text \<open>Finite-dimensional quantum systems are modelled by finite index types.
  An operator on the Hilbert space with orthonormal basis indexed by 'i is a
  matrix 'i \<Rightarrow> 'i \<Rightarrow> complex.  Composite systems are product types
  (tensor product), so a bipartite operator on A \<otimes> B has index type 'a \<times> 'b.\<close>

type_synonym 'i op = "'i \<Rightarrow> 'i \<Rightarrow> complex"

definition trace_op :: "('i::finite) op \<Rightarrow> complex" where
  "trace_op X = (\<Sum>i\<in>UNIV. X i i)"

definition psd :: "('i::finite) op \<Rightarrow> bool" where
  "psd X \<longleftrightarrow> (\<forall>v :: 'i \<Rightarrow> complex.
      Im (\<Sum>i\<in>UNIV. \<Sum>j\<in>UNIV. cnj (v i) * X i j * v j) = 0 \<and>
      Re (\<Sum>i\<in>UNIV. \<Sum>j\<in>UNIV. cnj (v i) * X i j * v j) \<ge> 0)"

definition op_le :: "('i::finite) op \<Rightarrow> 'i op \<Rightarrow> bool" where
  "op_le X Y \<longleftrightarrow> psd (\<lambda>i j. Y i j - X i j)"

definition op_uminus :: "'i op \<Rightarrow> 'i op" where
  "op_uminus X = (\<lambda>i j. - X i j)"

definition vec_norm :: "(('i::finite) \<Rightarrow> complex) \<Rightarrow> real" where
  "vec_norm v = sqrt (\<Sum>i\<in>UNIV. (cmod (v i))\<^sup>2)"

definition op_apply :: "('i::finite) op \<Rightarrow> ('i \<Rightarrow> complex) \<Rightarrow> ('i \<Rightarrow> complex)" where
  "op_apply X v = (\<lambda>i. \<Sum>j\<in>UNIV. X i j * v j)"

definition op_norm_inf :: "('i::finite) op \<Rightarrow> real" where
  "op_norm_inf X = Sup {vec_norm (op_apply X v) | v. vec_norm v \<le> 1}"

definition ptrans2 :: "('x \<times> 'y) op \<Rightarrow> ('x \<times> 'y) op" where
  "ptrans2 X = (\<lambda>(x,y) (x',y'). X (x,y') (x',y))"

definition lin_map :: "('i op \<Rightarrow> 'o op) \<Rightarrow> bool" where
  "lin_map N \<longleftrightarrow>
     (\<forall>X Y. N (\<lambda>i j. X i j + Y i j) = (\<lambda>p q. N X p q + N Y p q)) \<and>
     (\<forall>c X. N (\<lambda>i j. c * X i j) = (\<lambda>p q. c * N X p q))"

text \<open>N \<otimes> id_R for a reference system R (block-wise application of N).\<close>
definition ext_id :: "('i op \<Rightarrow> 'o op) \<Rightarrow> ('i \<times> 'r) op \<Rightarrow> ('o \<times> 'r) op" where
  "ext_id N X = (\<lambda>(p,r) (q,r'). N (\<lambda>i i'. X (i,r) (i',r')) p q)"

text \<open>Complete positivity: N \<otimes> id_R is positive, with R a copy of the input
  system (equivalent to positivity for all reference dimensions).\<close>
definition compl_pos :: "(('i::finite) op \<Rightarrow> ('o::finite) op) \<Rightarrow> bool" where
  "compl_pos N \<longleftrightarrow> (\<forall>X :: ('i \<times> 'i) op. psd X \<longrightarrow> psd (ext_id N X))"

definition trace_pres :: "(('i::finite) op \<Rightarrow> ('o::finite) op) \<Rightarrow> bool" where
  "trace_pres N \<longleftrightarrow> (\<forall>X. trace_op (N X) = trace_op X)"

definition qchannel :: "(('i::finite) op \<Rightarrow> ('o::finite) op) \<Rightarrow> bool" where
  "qchannel N \<longleftrightarrow> lin_map N \<and> compl_pos N \<and> trace_pres N"

definition cppt_pres ::
  "((('ai::finite) \<times> ('bi::finite)) op \<Rightarrow> (('ao::finite) \<times> ('bo::finite)) op) \<Rightarrow> bool" where
  "cppt_pres N \<longleftrightarrow> qchannel N \<and> compl_pos (\<lambda>X. ptrans2 (N (ptrans2 X)))"

text \<open>Choi operator J_{L_A A B L_B} of a bipartite channel N_{A'B' \<rightarrow> AB},
  with L_A \<simeq> A', L_B \<simeq> B'; index ((l_A, a), (b, l_B)).\<close>
definition choi_bip ::
  "(('ai \<times> 'bi) op \<Rightarrow> ('ao \<times> 'bo) op) \<Rightarrow> (('ai \<times> 'ao) \<times> ('bo \<times> 'bi)) op" where
  "choi_bip N = (\<lambda>((l,a),(b,m)) ((l',a'),(b',m')).
      N (\<lambda>(x,y) (x',y'). (if x = l \<and> x' = l' \<and> y = m \<and> y' = m' then 1 else 0))
        (a,b) (a',b'))"

definition ptrace_AB ::
  "((('la::finite) \<times> ('a::finite)) \<times> (('b::finite) \<times> ('lb::finite))) op \<Rightarrow> ('la \<times> 'lb) op" where
  "ptrace_AB Q = (\<lambda>(l,m) (l',m'). \<Sum>a\<in>UNIV. \<Sum>b\<in>UNIV. Q ((l,a),(b,m)) ((l',a),(b,m')))"

definition Gamma_kappa ::
  "((('ai::finite) \<times> ('bi::finite)) op \<Rightarrow> (('ao::finite) \<times> ('bo::finite)) op) \<Rightarrow> real" where
  "Gamma_kappa N = Inf {op_norm_inf (ptrace_AB Q) | Q.
      psd Q \<and>
      op_le (op_uminus (ptrans2 Q)) (ptrans2 (choi_bip N)) \<and>
      op_le (ptrans2 (choi_bip N)) (ptrans2 Q)}"

definition E_kappa ::
  "((('ai::finite) \<times> ('bi::finite)) op \<Rightarrow> (('ao::finite) \<times> ('bo::finite)) op) \<Rightarrow> real" where
  "E_kappa N = log 2 (Gamma_kappa N)"

definition mid_ext ::
  "(('ahi \<times> 'bhi) op \<Rightarrow> ('aho \<times> 'bho) op) \<Rightarrow>
   (('ahi \<times> 'am) \<times> ('bhi \<times> 'bm)) op \<Rightarrow> (('am \<times> 'aho) \<times> ('bho \<times> 'bm)) op" where
  "mid_ext M X = (\<lambda>((m,h),(g,n)) ((m',h'),(g',n')).
      M (\<lambda>(x,y) (x',y'). X ((x,m),(y,n)) ((x',m'),(y',n'))) (h,g) (h',g'))"

definition superch ::
  "(('ai \<times> 'bi) op \<Rightarrow> (('ahi \<times> 'am) \<times> ('bhi \<times> 'bm)) op) \<Rightarrow>
   ((('am \<times> 'aho) \<times> ('bho \<times> 'bm)) op \<Rightarrow> ('ao \<times> 'bo) op) \<Rightarrow>
   (('ahi \<times> 'bhi) op \<Rightarrow> ('aho \<times> 'bho) op) \<Rightarrow> (('ai \<times> 'bi) op \<Rightarrow> ('ao \<times> 'bo) op)" where
  "superch Ppre Ppost M = (\<lambda>X. Ppost (mid_ext M (Ppre X)))"

end

theory Submission
  imports Defs "HOL-Library.Complex_Order"
begin

text \<open>Let \<open>J\<close> be the Choi operator of \<open>M\<close>, so that \<open>M\<close> is the map \<open>N\<^sub>J\<close> with Choi
  operator \<open>J\<close>. Then the Choi operator of \<open>\<Theta>(M)\<close> is \<open>\<Theta>'(J)\<close>, where \<open>\<Theta>'(R)\<close> is the
  Choi operator of \<open>P\<^sub>p\<^sub>o\<^sub>s\<^sub>t \<circ> (N\<^sub>R \<otimes> id) \<circ> P\<^sub>p\<^sub>r\<^sub>e\<close>. The map \<open>\<Theta>'\<close> is linear and, as both
  \<open>P\<close>'s are completely positive, positive. Conjugating by Bob's partial transposes turns
  \<open>\<Theta>'\<close> into the same construction built from \<open>T \<circ> P \<circ> T\<close>, which are completely positive
  too; so \<open>\<Theta>'\<close> also preserves positivity of partial transposes and maps every feasible
  \<open>Q\<close> of the program for \<open>\<Gamma>\<^sub>\<kappa>(M)\<close> to a feasible point \<open>\<Theta>'(Q)\<close> for \<open>\<Theta>(M)\<close>.

  The objective does not increase: as \<open>P\<^sub>p\<^sub>o\<^sub>s\<^sub>t\<close> is trace preserving,
  \<open>\<langle>w| Tr\<^sub>A\<^sub>B \<Theta>'(Q) |w\<rangle> = \<Sum>\<^sub>m\<^sub>n tr (Z\<^sub>m\<^sub>n Tr\<^sub>A\<^sub>B Q)\<close> for the diagonal memory blocks \<open>Z\<^sub>m\<^sub>n\<close>
  of \<open>Z = P\<^sub>p\<^sub>r\<^sub>e(|w\<rangle>\<langle>w|\<^sup>T)\<close>, which lies between \<open>0\<close> and
  \<open>\<parallel>Tr\<^sub>A\<^sub>B Q\<parallel> tr Z = \<parallel>Tr\<^sub>A\<^sub>B Q\<parallel> \<parallel>w\<parallel>\<^sup>2\<close>. Finally both infima are over nonempty sets
  bounded below by \<open>1\<close> (trace preservation), so taking logarithms is monotone.\<close>

section \<open>Sesquilinear forms and positive semidefinite operators\<close>

definition sesq_form :: "('i::finite) op \<Rightarrow> ('i \<Rightarrow> complex) \<Rightarrow> ('i \<Rightarrow> complex) \<Rightarrow> complex" where
  "sesq_form X x y = (\<Sum>i\<in>UNIV. \<Sum>j\<in>UNIV. cnj (x i) * X i j * y j)"

definition hermitian :: "('i::finite) op \<Rightarrow> bool" where
  "hermitian X \<longleftrightarrow> (\<forall>i j. X j i = cnj (X i j))"

definition basis_vec :: "'i \<Rightarrow> 'i \<Rightarrow> complex" where
  "basis_vec k = (\<lambda>i. if i = k then 1 else 0)"

definition vec_norm2 :: "(('i::finite) \<Rightarrow> complex) \<Rightarrow> real" where
  "vec_norm2 v = (\<Sum>i\<in>UNIV. (cmod (v i))\<^sup>2)"

definition id_op :: "('i::finite) op" where
  "id_op = (\<lambda>i j. if i = j then 1 else 0)"

lemma if_zero_simps [simp]:
  "cnj (if P then x else 0) = (if P then cnj x else 0)"
  "(if P then x else 0) * (y::complex) = (if P then x * y else 0)"
  "(y::complex) * (if P then x else 0) = (if P then y * x else 0)"
  "(\<Sum>j\<in>A. if P then f j else 0) = (if P then sum f A else 0)"
  by simp_all

lemma psd_iff_sesq_form_nonneg: "psd X \<longleftrightarrow> (\<forall>v. 0 \<le> sesq_form X v v)"
  by (auto simp: psd_def sesq_form_def less_eq_complex_def)

lemma psd_sesq_form_nonneg: "psd X \<Longrightarrow> 0 \<le> sesq_form X v v"
  by (simp add: psd_iff_sesq_form_nonneg)

lemma psd_sesq_form_real:
  assumes "psd X"
  shows "Im (sesq_form X v v) = 0" "Re (sesq_form X v v) \<ge> 0"
  using psd_sesq_form_nonneg[OF assms, of v] by (simp_all add: less_eq_complex_def)

lemma sesq_form_basis_vec_left: "sesq_form X (basis_vec i) y = (\<Sum>j\<in>UNIV. X i j * y j)"
  by (simp add: sesq_form_def basis_vec_def)

lemma sesq_form_basis_vec [simp]: "sesq_form X (basis_vec i) (basis_vec j) = X i j"
  by (simp add: sesq_form_basis_vec_left) (simp add: basis_vec_def)

lemma sesq_form_add_scaled:
  "sesq_form X (\<lambda>i. x i + t * y i) (\<lambda>i. x i + t * y i) =
     sesq_form X x x + t * sesq_form X x y + cnj t * sesq_form X y x + t * cnj t * sesq_form X y y"
  unfolding sesq_form_def by (simp add: algebra_simps sum.distrib sum_distrib_left)

lemma sesq_form_add: "sesq_form (\<lambda>i j. X i j + Y i j) v v = sesq_form X v v + sesq_form Y v v"
  unfolding sesq_form_def by (simp add: algebra_simps sum.distrib)

lemma sesq_form_diff: "sesq_form (\<lambda>i j. X i j - Y i j) v v = sesq_form X v v - sesq_form Y v v"
  unfolding sesq_form_def by (simp add: algebra_simps sum_subtractf)

lemma sesq_form_scale: "sesq_form (\<lambda>i j. c * X i j) v w = c * sesq_form X v w"
  unfolding sesq_form_def by (simp add: sum_distrib_left algebra_simps)

lemma sesq_form_sum: "sesq_form (\<lambda>i j. \<Sum>k\<in>K. X k i j) v v = (\<Sum>k\<in>K. sesq_form (X k) v v)"
  unfolding sesq_form_def
  by (simp add: sum_distrib_left sum_distrib_right sum.swap[of _ K] algebra_simps)

lemma sesq_form_op_apply: "sesq_form X x y = (\<Sum>i\<in>UNIV. cnj (x i) * op_apply X y i)"
  unfolding sesq_form_def op_apply_def by (simp add: sum_distrib_left mult.assoc)

lemma sesq_form_id_op: "sesq_form id_op x y = (\<Sum>i\<in>UNIV. cnj (x i) * y i)"
  unfolding sesq_form_def id_op_def by simp

lemma cnj_mult_self: "cnj z * z = complex_of_real ((cmod z)\<^sup>2)"
  using complex_norm_square[of z] by (simp add: mult.commute)

lemma sesq_form_id_op_self: "sesq_form id_op v v = complex_of_real (vec_norm2 v)"
  unfolding sesq_form_id_op vec_norm2_def cnj_mult_self by simp

lemma hermitian_sesq_form_swap:
  assumes "hermitian X"
  shows "sesq_form X y x = cnj (sesq_form X x y)"
proof -
  have X: "cnj (X i j) = X j i" for i j
    using assms unfolding hermitian_def by (metis complex_cnj_cnj)
  have "cnj (sesq_form X x y) = (\<Sum>i\<in>UNIV. \<Sum>j\<in>UNIV. x i * X j i * cnj (y j))"
    unfolding sesq_form_def cnj_sum by (simp add: X)
  also have "\<dots> = (\<Sum>j\<in>UNIV. \<Sum>i\<in>UNIV. x i * X j i * cnj (y j))"
    by (rule sum.swap)
  also have "\<dots> = sesq_form X y x"
    unfolding sesq_form_def by (simp add: mult_ac)
  finally show ?thesis by simp
qed

lemma hermitian_sesq_form_real: "hermitian X \<Longrightarrow> Im (sesq_form X v v) = 0"
  using hermitian_sesq_form_swap[of X v v] by (simp add: complex_eq_iff)

lemma psd_imp_hermitian:
  assumes "psd X"
  shows "hermitian X"
  unfolding hermitian_def
proof (intro allI)
  fix i j
  have diag: "Im (X k k) = 0" for k
    using psd_sesq_form_real(1)[OF assms, of "basis_vec k"] by simp
  have "Im (X i i + t * X i j + cnj t * X j i + t * cnj t * X j j) = 0" for t
    using psd_sesq_form_real(1)[OF assms, of "\<lambda>k. basis_vec i k + t * basis_vec j k"]
    by (simp add: sesq_form_add_scaled)
  from this[of 1] this[of \<i>] show "X j i = cnj (X i j)"
    using diag[of i] diag[of j] by (simp add: complex_eq_iff)
qed

lemma psd_sesq_form_swap: "psd X \<Longrightarrow> sesq_form X y x = cnj (sesq_form X x y)"
  by (rule hermitian_sesq_form_swap[OF psd_imp_hermitian])

lemma nonneg_quadratic_imp_le:
  fixes a b k :: real
  assumes q: "\<And>s. 0 \<le> a - 2 * s * k + s\<^sup>2 * k * b" and "b \<ge> 0" "k \<ge> 0"
  shows "k \<le> a * b"
proof (cases "k = 0")
  case True
  then show ?thesis using q[of 0] \<open>b \<ge> 0\<close> by simp
next
  case False
  show ?thesis
  proof (cases "b = 0")
    case True
    have "0 \<le> a - 2 * ((a + 1) / (2 * k)) * k" using q[of "(a + 1) / (2 * k)"] True by simp
    with \<open>k \<noteq> 0\<close> show ?thesis by simp
  next
    case False
    have "0 \<le> a - 2 * (1 / b) * k + (1 / b)\<^sup>2 * k * b" by (rule q)
    with \<open>b \<ge> 0\<close> False have "0 \<le> a - k / b" by (simp add: power2_eq_square field_simps)
    with \<open>b \<ge> 0\<close> False show ?thesis by (simp add: field_simps)
  qed
qed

**Directions for this task**: In the listing above, find the line with "theory Submission" and the line with "text \<open>Let \<open>J\<close>", then reproduce both and every line between them exactly.

**Exercise solution**:
theory Submission
  imports Defs "HOL-Library.Complex_Order"
begin

text \<open>Let \<open>J\<close> be the Choi operator of \<open>M\<close>, so that \<open>M\<close> is the map \<open>N\<^sub>J\<close> with Choi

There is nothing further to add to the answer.